5. I then requested a meeting with MENZGOLD, and their lawyer and two other staff came to my office. During the discussions, I realised that they did not appear to understand what they were doing. I took the time to explain to them that the products they were offering (apart from the gold exports) were all akin to Ponzi schemes.
6. At the end of the meeting, they understood and they appealed to me to help them restructure so that BoG could regulate them. I told them they had to apply for a financial institutions license (in the minimum) before we could engage them. In the meantime, I instructed that they halt the Bullion Banking products and to advertise in the newspapers to that effect, which they subsequently did.
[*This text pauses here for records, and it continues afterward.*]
lemma hom_separates_from_submodule:
  assumes M: "r_module M sc" and local: "local_ring_max m" and hull: "injective_hull_residue m E scE"
    and U: "submodule M sc U" and x: "x \<in> M" "x \<notin> U"
  shows "\<exists>f\<in>hom_mod M sc E scE. (\<forall>u\<in>U. f u = 0) \<and> f x \<noteq> 0"
proof -
  interpret M: rmodule M sc by (rule rmodule.intro) fact
  have E: "r_module E scE" and inj: "injective_module E scE"
    using hull unfolding injective_hull_residue_def by blast+
  obtain g where g: "\<And>r. g r \<in> E" "\<And>r s. g (r + s) = g r + g s" "\<And>r s. g (r * s) = scE r (g s)"
    and ker_g: "{r. g r = 0} = m"
    using hull unfolding injective_hull_residue_def by blast
  have g_hom: "g \<in> hom_mod UNIV (*) E scE" unfolding hom_mod_def using g by simp
  define t where "t r = sc r x" for r
  have t_hom: "t \<in> hom_mod UNIV (*) M sc"
    unfolding hom_mod_def t_def using x(1) M.sc_in M.add_sc M.mult_sc by simp
  have "g r = 0" if "t r \<in> U" for r
  proof -
    \<comment> \<open>the annihilator of x modulo U is a proper ideal, hence contained in m, the kernel of g\<close>
    define J where "J = {s. sc s x \<in> U}"
    have "r_ideal J"
      unfolding r_ideal_def J_def using U M.zero_sc[OF x(1)] M.add_sc[OF x(1)] M.mult_sc[OF x(1)]
      by (auto simp: submodule_def)
    moreover have "1 \<notin> J" using x M.one_sc[OF x(1)] unfolding J_def by simp
    then have "J \<noteq> UNIV" by blast
    ultimately have "J \<subseteq> m" using local unfolding local_ring_max_def by blast
    then show ?thesis using that ker_g unfolding t_def J_def by blast
  qed
  then obtain H where H: "H \<in> hom_mod M sc E scE" "\<forall>r. H (t r) = g r" "\<forall>u\<in>U. H u = 0"
    using hom_extends_along[OF r_module_ring M E inj U t_hom g_hom] by auto
  have "H x = g 1" using H(2) M.one_sc[OF x(1)] unfolding t_def by metis
  moreover have "1 \<notin> m"
    using local unfolding local_ring_max_def r_ideal_def by (metis UNIV_eq_I mult.right_neutral)
  ultimately show ?thesis using H(1,3) ker_g by auto
qed

subsection \<open>Finitely generated ideals and finite powers of a module\<close>

lemma generator_in_gen_ideal: "g \<in> G \<Longrightarrow> g \<in> gen_ideal G"
  unfolding gen_ideal_def
  by (rule CollectI, rule exI[of _ "{0::nat}"], rule exI[of _ "\<lambda>_. 1"], rule exI[of _ "\<lambda>_. g"]) simp

lemma (in rmodule) gen_ideal_sc_in_submodule:
  assumes U: "submodule M sc U" and x: "x \<in> M" and G: "\<forall>g\<in>G. sc g x \<in> U"
    and r: "r \<in> gen_ideal G"
  shows "sc r x \<in> U"
proof -
  obtain S :: "nat set" and c g where r_sum: "r = (\<Sum>i\<in>S. c i * g i)" and "g ` S \<subseteq> G"
    using r unfolding gen_ideal_def by blast
  have "sc r x = (\<Sum>i\<in>S. sc (c i) (sc (g i) x))"
    unfolding r_sum sum_sc[OF x] by (simp add: mult_sc[OF x])
  also have "\<dots> \<in> U"
    by (rule submodule_sum[OF U]) (use \<open>g ` S \<subseteq> G\<close> G U in \<open>auto simp: submodule_def\<close>)
  finally show ?thesis .
qed

lemma ideal_smult_sum:
  assumes "finite G" "G \<subseteq> a" "\<And>g. g \<in> G \<Longrightarrow> k g \<in> X"
  shows "(\<Sum>g\<in>G. sc g (k g)) \<in> ideal_smult a X sc"
proof -
  obtain h where h: "bij_betw h {0..<card G} G" using ex_bij_betw_nat_finite[OF assms(1)] by blast
  then have "(\<Sum>g\<in>G. sc g (k g)) = (\<Sum>i\<in>{0..<card G}. sc (h i) (k (h i)))"
    using sum.reindex_bij_betw[OF h, of "\<lambda>g. sc g (k g)"] by simp
  moreover have "h ` {0..<card G} \<subseteq> a" "(\<lambda>i. k (h i)) ` {0..<card G} \<subseteq> X"
    using h assms(2,3) by (auto simp: bij_betw_def)
  ultimately show ?thesis using ideal_smultI[of "{0..<card G}" h a "\<lambda>i. k (h i)" X sc] by simp
qed

definition power_module :: "'i set \<Rightarrow> 'm::zero set \<Rightarrow> ('i \<Rightarrow> 'm) set" where
  "power_module G N = {v. \<forall>i. (i \<in> G \<longrightarrow> v i \<in> N) \<and> (i \<notin> G \<longrightarrow> v i = 0)}"

definition power_sc :: "('r \<Rightarrow> 'm \<Rightarrow> 'm) \<Rightarrow> 'r \<Rightarrow> ('i \<Rightarrow> 'm) \<Rightarrow> 'i \<Rightarrow> 'm" where
  "power_sc sc r v = (\<lambda>i. sc r (v i))"

definition power_component :: "'m::zero set \<Rightarrow> (('i \<Rightarrow> 'm) \<Rightarrow> 'e::zero) \<Rightarrow> 'i \<Rightarrow> 'm \<Rightarrow> 'e" where
  "power_component M H i y = (if y \<in> M then H (0(i := y)) else 0)"

lemma fun_upd_in_power_module: "0 \<in> M \<Longrightarrow> i \<in> G \<Longrightarrow> y \<in> M \<Longrightarrow> 0(i := y) \<in> power_module G M"
  unfolding power_module_def by auto

lemma sum_apply: "sum F S x = (\<Sum>i\<in>S. F i x)"
  by (induction S rule: infinite_finite_induct) auto

context rmodule
begin

lemma power_module_in: "v \<in> power_module G M \<Longrightarrow> v i \<in> M"
  unfolding power_module_def using zero_in by (cases "i \<in> G") auto

lemma power_module_module: "r_module (power_module G M) (power_sc sc)"
proof -
  have closed: "0 \<in> power_module G M"
    "\<And>v w. v \<in> power_module G M \<Longrightarrow> w \<in> power_module G M \<Longrightarrow> v + w \<in> power_module G M"
    "\<And>v. v \<in> power_module G M \<Longrightarrow> - v \<in> power_module G M"
    "\<And>r v. v \<in> power_module G M \<Longrightarrow> power_sc sc r v \<in> power_module G M"
    by (auto simp: power_module_def power_sc_def zero_in add_in neg_in sc_in sc_zero)
  then show ?thesis
    unfolding r_module_def
    by (auto simp: power_sc_def fun_eq_iff power_module_in sc_add add_sc mult_sc one_sc)
qed

lemma power_module_submodule:
  assumes "submodule M sc U"
  shows "submodule (power_module G M) (power_sc sc) (power_module G U)"
  using assms unfolding submodule_def power_module_def power_sc_def by (auto simp: sc_zero)

lemma power_module_sum_fun_upd:
  assumes "finite G" "v \<in> power_module G M"
  shows "v = (\<Sum>i\<in>G. 0(i := v i))"
  using assms by (auto simp: fun_eq_iff sum_apply power_module_def sum.delta' cong: if_cong)

lemma hom_power_module_sum:
  assumes "finite G" and H: "H \<in> hom_mod (power_module G M) (power_sc sc) E scE"
    and v: "v \<in> power_module G M"
  shows "H v = (\<Sum>i\<in>G. H (0(i := v i)))"
proof -
  have "H v = H (\<Sum>i\<in>G. 0(i := v i))" using power_module_sum_fun_upd[OF assms(1) v] by simp
  also have "\<dots> = (\<Sum>i\<in>G. H (0(i := v i)))"
    using v by (intro hom_sum[OF power_module_module H]) (auto intro: fun_upd_in_power_module zero_in power_module_in)
  finally show ?thesis .
qed

lemma hom_power_component:
  assumes H: "H \<in> hom_mod (power_module G M) (power_sc sc) E scE" and i: "i \<in> G"
  shows "power_component M H i \<in> hom_mod M sc E scE"
  unfolding hom_mod_def power_component_def
proof (intro CollectI conjI ballI allI impI)
  fix x assume x: "x \<in> M"
  show "(if x \<in> M then H (0(i := x)) else 0) \<in> E"
    using x hom_in[OF H fun_upd_in_power_module[OF zero_in i x]] by simp
  fix r
  have "0(i := sc r x) = power_sc sc r (0(i := x))" by (auto simp: power_sc_def fun_eq_iff sc_zero)
  then show "(if sc r x \<in> M then H (0(i := sc r x)) else 0) = scE r (if x \<in> M then H (0(i := x)) else 0)"
    using x sc_in[OF x] hom_scale[OF H fun_upd_in_power_module[OF zero_in i x]] by simp
next
  fix x y assume xy: "x \<in> M" "y \<in> M"
  have "0(i := x + y) = 0(i := x) + 0(i := y)" by (auto simp: fun_eq_iff)
  then show "(if x + y \<in> M then H (0(i := x + y)) else 0)
      = (if x \<in> M then H (0(i := x)) else 0) + (if y \<in> M then H (0(i := y)) else 0)"
    using xy add_in[OF xy] hom_add[OF H fun_upd_in_power_module[OF zero_in i] fun_upd_in_power_module[OF zero_in i]] by simp
qed simp

lemma hom_through_diagonal:
  assumes G: "finite G" and H: "H \<in> hom_mod (power_module G M) (power_sc sc) E scE"
    and f: "f \<in> hom_mod M sc E scE"
    and f_H: "\<And>x. x \<in> M \<Longrightarrow> f x = H (\<lambda>g. if g \<in> G then sc g x else 0)"
  shows "f = (\<Sum>g\<in>G. hom_sc M scE g (power_component M H g))"
proof
  fix x
  show "f x = (\<Sum>g\<in>G. hom_sc M scE g (power_component M H g)) x"
  proof (cases "x \<in> M")
    case x: True
    have "(\<lambda>g. if g \<in> G then sc g x else 0) \<in> power_module G M"
      using x by (auto simp: power_module_def sc_in)
    then have "f x = (\<Sum>g\<in>G. H (0(g := if g \<in> G then sc g x else 0)))"
      using f_H[OF x] hom_power_module_sum[OF G H] by simp
    also have "\<dots> = (\<Sum>g\<in>G. power_component M H g (sc g x))"
      using x by (intro sum.cong) (auto simp: power_component_def sc_in)
    also have "\<dots> = (\<Sum>g\<in>G. scE g (power_component M H g x))"
      using hom_power_component[OF H] hom_scale x by (intro sum.cong) blast+
    finally show ?thesis using x by (simp add: sum_apply hom_sc_def)
  qed (simp add: hom_outside[OF f] sum_apply hom_sc_def)
qed

end

text \<open>
  If a = (g_1, ..., g_n) and N/U has no a-torsion, then x \<mapsto> (g_1 x, ..., g_n x) embeds N/U into
  (N/U)^n, so f extends to a map N^n \<rightarrow> E, whose components k_i give f = \<Sum> g_i k_i.\<close>

lemma vanishing_hom_in_ideal_smult:
  assumes noeth: "noetherian_ring TYPE('r::comm_ring_1)" and a: "r_ideal (a :: 'r set)"
    and N: "r_module N scN" and E: "r_module E scE" and inj: "injective_module E scE"
    and U: "submodule N scN U" and no_torsion: "\<And>x. x \<in> N \<Longrightarrow> \<forall>r\<in>a. scN r x \<in> U \<Longrightarrow> x \<in> U"
    and f: "f \<in> hom_mod N scN E scE" and f_U: "\<forall>u\<in>U. f u = 0"
  shows "f \<in> ideal_smult a {h \<in> hom_mod N scN E scE. \<forall>u\<in>U. h u = 0} (hom_sc N scE)"
proof -
  interpret N: rmodule N scN by (rule rmodule.intro) fact
  obtain G where G: "finite G" "a = gen_ideal G" using noeth a unfolding noetherian_ring_def by blast
  have G_a: "G \<subseteq> a" unfolding G(2) using generator_in_gen_ideal by blast
  define t where "t x = (if x \<in> N then (\<lambda>g. if g \<in> G then scN g x else 0) else 0)" for x
  have t_hom: "t \<in> hom_mod N scN (power_module G N) (power_sc scN)"
    unfolding hom_mod_def t_def
    by (auto simp: power_module_def power_sc_def fun_eq_iff N.sc_in N.add_in N.sc_add N.sc_zero N.sc_comm)
  have "f x = 0" if x: "x \<in> N" and "t x \<in> power_module G U" for x
  proof -
    have "\<forall>g\<in>G. scN g x \<in> U" using that unfolding t_def power_module_def by auto
    then have "x \<in> U" using no_torsion[OF x] N.gen_ideal_sc_in_submodule[OF U x] G(2) by blast
    then show ?thesis using f_U by blast
  qed
  then obtain H where H: "H \<in> hom_mod (power_module G N) (power_sc scN) E scE"
    "\<forall>x\<in>N. H (t x) = f x" "\<forall>v\<in>power_module G U. H v = 0"
    using hom_extends_along[OF N N.power_module_module E inj N.power_module_submodule[OF U] t_hom f]
    by blast
  have components: "power_component N H g \<in> {h \<in> hom_mod N scN E scE. \<forall>u\<in>U. h u = 0}"
    if g: "g \<in> G" for g
  proof -
    have "power_component N H g u = 0" if "u \<in> U" for u
    proof -
      have "u \<in> N" "0 \<in> U" using that U unfolding submodule_def by blast+
      then show ?thesis using that H(3) fun_upd_in_power_module[of U g G u] g by (simp add: power_component_def)
    qed
    then show ?thesis using N.hom_power_component[OF H(1) g] by blast
  qed
  have "f = (\<Sum>g\<in>G. hom_sc N scE g (power_component N H g))"
    using H(2) by (intro N.hom_through_diagonal[OF G(1) H(1) f]) (simp add: t_def)
  then show ?thesis using ideal_smult_sum[OF G(1) G_a components] by simp
qed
7. The staff of OFSD were present in that meeting and I instructed that they visit the company and to inspect their vaults. I was particularly interested in the safety of the database, learning from the DKM experience. Hence, I told them to ensure that MENZGOLD had data backups and to also obtain copies for our keeps. My plan was to check whether the value of gold in their vaults was equivalent to the monies they had received through their sister company, BREW MARKETING.
8. Unfortunately, that same week was when I was called by the Minister of Finance and told that the President had decided to replace me with his own person, which I obliged. Certainly, if my efforts had continued even after my exit, we would have succeeded in restructuring MENZGOLD or resolving them entirely before end-2017.
9. I, therefore, wish to emphasise again that my engagement with MENZGOLD officials prior to my exit was in line with my responsibilities as the Supervising Governor for OFSD, which supervised the non-bank financial institutions such as the Microfinance Institutions. Clearly, if someone had followed through with what I started, we perhaps wouldn’t be here today.